-- PROVIDED INFORMATION follows --

lemma (in prob_space) integral_PiM_distr_prod:
  fixes X :: "'i \<Rightarrow> 'a \<Rightarrow> real" and g :: "'i \<Rightarrow> real \<Rightarrow> real"
  assumes fin: "finite I" and X: "\<And>i. i \<in> I \<Longrightarrow> random_variable borel (X i)"
    and g: "\<And>i. i \<in> I \<Longrightarrow> g i \<in> borel_measurable borel"
    and bounded: "\<And>i x. i \<in> I \<Longrightarrow> \<bar>g i x\<bar> \<le> B"
  shows "(\<integral>x. (\<Prod>i\<in>I. g i (x i)) \<partial>PiM I (\<lambda>i. distr M borel (X i)))
    = (\<Prod>i\<in>I. expectation (\<lambda>\<omega>. g i (X i \<omega>)))"
proof -
  \<comment> \<open>Redefine the laws outside I so that they form a product of probability spaces.\<close>
  define L where "L i = distr M borel (\<lambda>\<omega>. if i \<in> I then X i \<omega> else 0)" for i
  have L: "prob_space (L i)" for i
    unfolding L_def by (intro prob_space_distr) (cases "i \<in> I"; simp add: X)
  interpret product_sigma_finite L
    unfolding product_sigma_finite_def using L by (simp add: prob_space_imp_sigma_finite)
  have "PiM I (\<lambda>i. distr M borel (X i)) = PiM I L"
    unfolding L_def by (intro PiM_cong) (auto intro!: distr_cong)
  moreover have "(\<integral>x. (\<Prod>i\<in>I. g i (x i)) \<partial>PiM I L) = (\<Prod>i\<in>I. \<integral>y. g i y \<partial>L i)"
  proof (rule product_integral_prod [OF fin])
    fix i assume "i \<in> I"
    interpret Li: prob_space "L i" by (fact L)
    show "integrable (L i) (g i)"
      using \<open>i \<in> I\<close> bounded g by (intro Li.integrable_const_bound [where B = B]) (auto simp: L_def)
  qed
  moreover have "(\<integral>y. g i y \<partial>L i) = expectation (\<lambda>\<omega>. g i (X i \<omega>))" if "i \<in> I" for i
  proof -
    have "L i = distr M borel (X i)"
      unfolding L_def using that by (intro distr_cong) auto
    then show ?thesis using that X g by (simp add: integral_distr)
  qed
  ultimately show ?thesis by simp
qed

lemma (in prob_space) nsd_expectation_le_of_bounded:
  fixes X :: "nat \<Rightarrow> 'a \<Rightarrow> real" and \<phi> :: "(nat \<Rightarrow> real) \<Rightarrow> real"
  assumes nsd: "nsd M X I" and X: "\<And>i. i \<in> I \<Longrightarrow> random_variable borel (X i)"
    and \<phi>: "superadditive_on I \<phi>" "\<phi> \<in> borel_measurable (PiM I (\<lambda>_. borel))"
    and bounded: "\<And>x. \<bar>\<phi> x\<bar> \<le> B"
  shows "expectation (\<lambda>\<omega>. \<phi> (\<lambda>i\<in>I. X i \<omega>)) \<le> (\<integral>x. \<phi> x \<partial>PiM I (\<lambda>i. distr M borel (X i)))"
proof -
  define P where "P = PiM I (\<lambda>i. distr M borel (X i))"
  interpret P: prob_space P
    unfolding P_def by (intro prob_space_PiM prob_space_distr X)
  have "sets P = sets (PiM I (\<lambda>_. borel))"
    unfolding P_def by (intro sets_PiM_cong) auto
  then have "\<phi> \<in> borel_measurable P"
    using \<phi>(2) measurable_cong_sets by blast
  then have "integrable P \<phi>"
    using bounded by (intro P.integrable_const_bound [where B = B]) auto
  moreover have "(\<lambda>\<omega>. \<lambda>i\<in>I. X i \<omega>) \<in> M \<rightarrow>\<^sub>M PiM I (\<lambda>_. borel)"
    using X by (intro measurable_restrict) auto
  then have "integrable M (\<lambda>\<omega>. \<phi> (\<lambda>i\<in>I. X i \<omega>))"
    using bounded \<phi>(2) by (intro integrable_const_bound [where B = B]) auto
  ultimately show ?thesis
    using nsd \<phi> unfolding nsd_def P_def by blast
qed

lemma (in prob_space) nsd_expectation_exp_sum_le:
  fixes X :: "nat \<Rightarrow> 'a \<Rightarrow> real" and h :: "real \<Rightarrow> real"
  assumes nsd: "nsd M X I" and fin: "finite I" and X: "\<And>i. i \<in> I \<Longrightarrow> random_variable borel (X i)"
    and h: "mono h" "h \<in> borel_measurable borel" and bounded: "\<And>x. l * h x \<le> B"
  shows "expectation (\<lambda>\<omega>. exp (l * (\<Sum>i\<in>I. h (X i \<omega>))))
    \<le> (\<Prod>i\<in>I. expectation (\<lambda>\<omega>. exp (l * h (X i \<omega>))))"
proof -
  define \<phi> where "\<phi> x = exp (l * (\<Sum>i\<in>I. h (x i)))" for x :: "nat \<Rightarrow> real"
  have [measurable]: "h \<in> borel_measurable borel" by (fact h(2))
  have "superadditive_on I \<phi>"
    unfolding \<phi>_def by (rule superadditive_on_exp_sum_mono [OF h(1)])
  moreover have "\<phi> \<in> borel_measurable (PiM I (\<lambda>_. borel))"
    unfolding \<phi>_def by measurable
  moreover have "\<bar>\<phi> x\<bar> \<le> exp (real (card I) * B)" for x
  proof -
    have "l * (\<Sum>i\<in>I. h (x i)) \<le> (\<Sum>i\<in>I. B)"
      unfolding sum_distrib_left by (intro sum_mono bounded)
    then show ?thesis by (simp add: \<phi>_def)
  qed
  ultimately have "expectation (\<lambda>\<omega>. \<phi> (\<lambda>i\<in>I. X i \<omega>))
      \<le> (\<integral>x. \<phi> x \<partial>PiM I (\<lambda>i. distr M borel (X i)))"
    using nsd_expectation_le_of_bounded [OF nsd X] by blast
  moreover have "\<phi> (\<lambda>i\<in>I. X i \<omega>) = exp (l * (\<Sum>i\<in>I. h (X i \<omega>)))" for \<omega>
    unfolding \<phi>_def by (auto intro!: sum.cong)
  ultimately have "expectation (\<lambda>\<omega>. exp (l * (\<Sum>i\<in>I. h (X i \<omega>))))
      \<le> (\<integral>x. \<phi> x \<partial>PiM I (\<lambda>i. distr M borel (X i)))"
    by simp
  also have "\<dots> = (\<integral>x. (\<Prod>i\<in>I. exp (l * h (x i))) \<partial>PiM I (\<lambda>i. distr M borel (X i)))"
    by (simp add: \<phi>_def exp_sum sum_distrib_left fin)
  also have "\<dots> = (\<Prod>i\<in>I. expectation (\<lambda>\<omega>. exp (l * h (X i \<omega>))))"
    using bounded by (intro integral_PiM_distr_prod [where B = "exp B"] fin X) auto
  finally show ?thesis .
qed

lemma exp_le_one_plus_plus_square:
  fixes x :: real
  assumes "x \<le> 1"
  shows "exp x \<le> 1 + x + x\<^sup>2"
proof (cases "0 \<le> x")
  case True
  then show ?thesis using assms by (rule exp_bound)
next
  case False
  have "exp x = inverse (exp (- x))" by (simp add: exp_minus)
  also have "\<dots> \<le> inverse (1 - x)"
    using False exp_ge_add_one_self [of "- x"] by (intro le_imp_inverse_le) auto
  also have "\<dots> \<le> 1 + x + x\<^sup>2"
  proof -
    have "(1 - x) * (1 + x + x\<^sup>2) = 1 - x * x\<^sup>2"
      by (simp add: algebra_simps power2_eq_square)
    moreover have "x * x\<^sup>2 \<le> 0"
      using False by (simp add: mult_nonpos_nonneg)
    ultimately have "1 \<le> (1 - x) * (1 + x + x\<^sup>2)" by simp
    then show ?thesis using False by (simp add: field_simps)
  qed
  finally show ?thesis .
qed

lemma square_le_powr_moment:
  fixes x n r :: real
  assumes "0 < x" "0 < n" "0 \<le> r"
  shows "x\<^sup>2 \<le> 1 / n\<^sup>2 + n powr r * x powr (2 + r)"
proof (cases "x \<le> 1 / n")
  case True
  then have "x\<^sup>2 \<le> 1 / n\<^sup>2"
    using assms power_mono [OF True] by (simp add: power_divide)
  then show ?thesis by (simp add: add_increasing2)
next
  case False
  then have "1 \<le> (n * x) powr r"
    using assms by (intro ge_one_powr_ge_zero) (auto simp: field_simps)
  then have "x\<^sup>2 \<le> x\<^sup>2 * (n * x) powr r"
    using mult_left_mono [of 1 "(n * x) powr r" "x\<^sup>2"] by simp
  also have "\<dots> = n powr r * x powr (2 + r)"
    using assms by (simp add: powr_add powr_mult powr_numeral field_simps)
  finally show ?thesis by (simp add: add_increasing)
qed

lemma (in prob_space) prob_ge_le_exp_moment:
  fixes f :: "'a \<Rightarrow> real"
  assumes "0 < l" and [measurable]: "random_variable borel f"
    and "integrable M (\<lambda>\<omega>. exp (l * f \<omega>))"
  shows "prob {\<omega>\<in>space M. a \<le> f \<omega>} \<le> expectation (\<lambda>\<omega>. exp (l * f \<omega>)) / exp (l * a)"
proof -
  have "{\<omega>\<in>space M. a \<le> f \<omega>} = {\<omega>\<in>space M. exp (l * a) \<le> exp (l * f \<omega>)}"
    using assms(1) by auto
  then show ?thesis
    using assms integral_Markov_inequality_measure [of M "\<lambda>\<omega>. exp (l * f \<omega>)" "space M" "exp (l * a)"]
    by simp
qed

lemma (in prob_space) expectation_exp_le:
  fixes Y :: "'a \<Rightarrow> real"
  assumes [measurable]: "random_variable borel Y"
    and "integrable M Y" "integrable M (\<lambda>\<omega>. (Y \<omega>)\<^sup>2)"
    and bounded: "\<And>\<omega>. \<omega> \<in> space M \<Longrightarrow> l * Y \<omega> \<le> 1"
  shows "expectation (\<lambda>\<omega>. exp (l * Y \<omega>)) \<le> exp (l * expectation Y + l\<^sup>2 * expectation (\<lambda>\<omega>. (Y \<omega>)\<^sup>2))"
proof -
  have "integrable M (\<lambda>\<omega>. exp (l * Y \<omega>))"
    using bounded by (intro integrable_const_bound [where B = "exp 1"]) auto
  moreover have "integrable M (\<lambda>\<omega>. 1 + l * Y \<omega> + l\<^sup>2 * (Y \<omega>)\<^sup>2)"
    using assms by auto
  ultimately have "expectation (\<lambda>\<omega>. exp (l * Y \<omega>)) \<le> expectation (\<lambda>\<omega>. 1 + l * Y \<omega> + l\<^sup>2 * (Y \<omega>)\<^sup>2)"
    using exp_le_one_plus_plus_square [OF bounded]
    by (intro integral_mono) (auto simp: power_mult_distrib)
  also have "\<dots> = 1 + (l * expectation Y + l\<^sup>2 * expectation (\<lambda>\<omega>. (Y \<omega>)\<^sup>2))"
    using assms by (simp add: prob_space)
  also have "\<dots> \<le> exp (l * expectation Y + l\<^sup>2 * expectation (\<lambda>\<omega>. (Y \<omega>)\<^sup>2))"
    by (rule exp_ge_add_one_self)
  finally show ?thesis .
qed

lemma (in prob_space) AE_eventually_not_in_of_summable:
  assumes "\<forall>\<^sub>F N in sequentially. (\<forall>i\<in>I N. A N i \<in> events) \<and> (\<Sum>i\<in>I N. prob (A N i)) \<le> g N"
    and "\<And>N. finite (I N)" and "summable g"
  shows "AE \<omega> in M. \<forall>\<^sub>F N in sequentially. \<forall>i\<in>I N. \<omega> \<notin> A N i"
proof -
  define U where "U N = (if \<forall>i\<in>I N. A N i \<in> events then \<Union>i\<in>I N. A N i else {})" for N
  have U_events: "U N \<in> events" for N
    using assms(2) by (auto simp: U_def)
  have "\<forall>\<^sub>F N in sequentially. prob (U N) \<le> g N"
    using assms(1)
  proof eventually_elim
    case (elim N)
    then have "prob (U N) \<le> (\<Sum>i\<in>I N. prob (A N i))"
      unfolding U_def using assms(2) by (auto intro: finite_measure_subadditive_finite)
    with elim show ?case by simp
  qed
  then have "summable (\<lambda>N. prob (U N))"
    by (intro summable_comparison_test_ev [OF _ assms(3)]) (auto elim: eventually_mono)
  then have "AE \<omega> in M. \<forall>\<^sub>F N in sequentially. \<omega> \<in> space M - U N"
    using U_events by (intro borel_cantelli_AE1) (auto simp: less_top [symmetric])
  then show ?thesis
  proof (rule AE_mp, intro AE_I2 impI)
    fix \<omega> assume "\<forall>\<^sub>F N in sequentially. \<omega> \<in> space M - U N"
    with assms(1) show "\<forall>\<^sub>F N in sequentially. \<forall>i\<in>I N. \<omega> \<notin> A N i"
    proof eventually_elim
      case (elim N)
      then have "U N = (\<Union>i\<in>I N. A N i)" by (simp add: U_def)
      with elim show ?case by blast
    qed
  qed
qed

-- PROVIDED INFORMATION concluded --

WHAT NEEDS TO BE DONE:
Starting at the first line of the listing, retype every line up to and including the one with "unfolding L_def by (intro PiM_cong)".

RESPONSE:
lemma (in prob_space) integral_PiM_distr_prod:
  fixes X :: "'i \<Rightarrow> 'a \<Rightarrow> real" and g :: "'i \<Rightarrow> real \<Rightarrow> real"
  assumes fin: "finite I" and X: "\<And>i. i \<in> I \<Longrightarrow> random_variable borel (X i)"
    and g: "\<And>i. i \<in> I \<Longrightarrow> g i \<in> borel_measurable borel"
    and bounded: "\<And>i x. i \<in> I \<Longrightarrow> \<bar>g i x\<bar> \<le> B"
  shows "(\<integral>x. (\<Prod>i\<in>I. g i (x i)) \<partial>PiM I (\<lambda>i. distr M borel (X i)))
    = (\<Prod>i\<in>I. expectation (\<lambda>\<omega>. g i (X i \<omega>)))"
proof -
  \<comment> \<open>Redefine the laws outside I so that they form a product of probability spaces.\<close>
  define L where "L i = distr M borel (\<lambda>\<omega>. if i \<in> I then X i \<omega> else 0)" for i
  have L: "prob_space (L i)" for i
    unfolding L_def by (intro prob_space_distr) (cases "i \<in> I"; simp add: X)
  interpret product_sigma_finite L
    unfolding product_sigma_finite_def using L by (simp add: prob_space_imp_sigma_finite)
  have "PiM I (\<lambda>i. distr M borel (X i)) = PiM I L"
    unfolding L_def by (intro PiM_cong) (auto intro!: distr_cong)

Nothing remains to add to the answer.